**Task data:**
- - -

(* For $n=1,2,\dots$ let $\Phi_{W^{(n)}}$ be a source pmf on countable $\mathcal W^{(n)}$, $\Phi_{U^{(n)}|W^{(n)}}$ a codebook distribution on countable $\mathcal U^{(n)}$, and $\Phi_{V^{(n)}|W^{(n)},U^{(n)}}$ a channel to countable $\mathcal V^{(n)}$. Let $\mathcal B^{(n)}=\{u^{(n)}(w)\}_{w\in\mathcal W^{(n)}}$ have independent entries with $u^{(n)}(w)\sim\Phi_{U^{(n)}|W^{(n)}=w}$, let $P_{V^{(n)}}(v)=\sum_w\Phi_{W^{(n)}}(w)\Phi_{V^{(n)}|W^{(n)},U^{(n)}}(v|w,u^{(n)}(w))$, and let $Q_{V^{(n)}}=\Phi_{V^{(n)}}$ be the $V^{(n)}$-marginal of $\Phi_{W^{(n)}}\Phi_{U^{(n)}|W^{(n)}}\Phi_{V^{(n)}|W^{(n)},U^{(n)}}$. If for every $\tau\in\mathbb R$, $\mathbf P_\Phi\big(i_\Phi(W^{(n)},U^{(n)};V^{(n)})-i_\Phi(W^{(n)})>\tau\big)\to0$ as $n\to\infty$, then $\lim_{n\to\infty}\mathbf E\|P_{V^{(n)}}-Q_{V^{(n)}}\|_{TV}=0$.
   Context: Expectation is over the random codebook. $i_\Phi(w,u;v)=\log\frac{\Phi_{V|W,U}(v|w,u)}{\Phi_V(v)}$ and $i_\Phi(w)=\log\frac1{\Phi_W(w)}$, base 2. Total variation is half the $\ell_1$ distance. *)

theory Defs
  imports "HOL-Probability.Probability"
begin

definition tv_dist :: "'a pmf \<Rightarrow> 'a pmf \<Rightarrow> real" where
  "tv_dist p q = (1/2) * (\<Sum>\<^sub>\<infinity> x. \<bar>pmf p x - pmf q x\<bar>)"

definition induced_out :: "'w pmf \<Rightarrow> ('w \<Rightarrow> 'u \<Rightarrow> 'v pmf) \<Rightarrow> ('w \<Rightarrow> 'u) \<Rightarrow> 'v pmf" where
  "induced_out PW ch c = bind_pmf PW (\<lambda>w. ch w (c w))"

definition joint_pmf :: "'w pmf \<Rightarrow> ('w \<Rightarrow> 'u pmf) \<Rightarrow> ('w \<Rightarrow> 'u \<Rightarrow> 'v pmf) \<Rightarrow> ('w \<times> 'u \<times> 'v) pmf" where
  "joint_pmf PW PU ch = bind_pmf PW (\<lambda>w. bind_pmf (PU w) (\<lambda>u. map_pmf (\<lambda>v. (w, u, v)) (ch w u)))"

definition target_out :: "'w pmf \<Rightarrow> ('w \<Rightarrow> 'u pmf) \<Rightarrow> ('w \<Rightarrow> 'u \<Rightarrow> 'v pmf) \<Rightarrow> 'v pmf" where
  "target_out PW PU ch = map_pmf (\<lambda>(w, u, v). v) (joint_pmf PW PU ch)"

definition info_dens_cond :: "'w pmf \<Rightarrow> ('w \<Rightarrow> 'u pmf) \<Rightarrow> ('w \<Rightarrow> 'u \<Rightarrow> 'v pmf) \<Rightarrow> 'w \<Rightarrow> 'u \<Rightarrow> 'v \<Rightarrow> real" where
  "info_dens_cond PW PU ch w u v = log 2 (pmf (ch w u) v / pmf (target_out PW PU ch) v)"

definition info_dens_src :: "'w pmf \<Rightarrow> 'w \<Rightarrow> real" where
  "info_dens_src PW w = log 2 (1 / pmf PW w)"

definition codebook_measure :: "('w \<Rightarrow> 'u pmf) \<Rightarrow> ('w \<Rightarrow> 'u) measure" where
  "codebook_measure PU = PiM UNIV (\<lambda>w. measure_pmf (PU w))"

end

theory Submission
  imports Defs
begin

- - -

**About this task:**
Print every line from the one that contains "pmf (target_out PW" to the end of the records, exactly as written, and nothing more.

**Task output:**
  "info_dens_cond PW PU ch w u v = log 2 (pmf (ch w u) v / pmf (target_out PW PU ch) v)"

definition info_dens_src :: "'w pmf \<Rightarrow> 'w \<Rightarrow> real" where
  "info_dens_src PW w = log 2 (1 / pmf PW w)"

definition codebook_measure :: "('w \<Rightarrow> 'u pmf) \<Rightarrow> ('w \<Rightarrow> 'u) measure" where
  "codebook_measure PU = PiM UNIV (\<lambda>w. measure_pmf (PU w))"

end

theory Submission
  imports Defs
begin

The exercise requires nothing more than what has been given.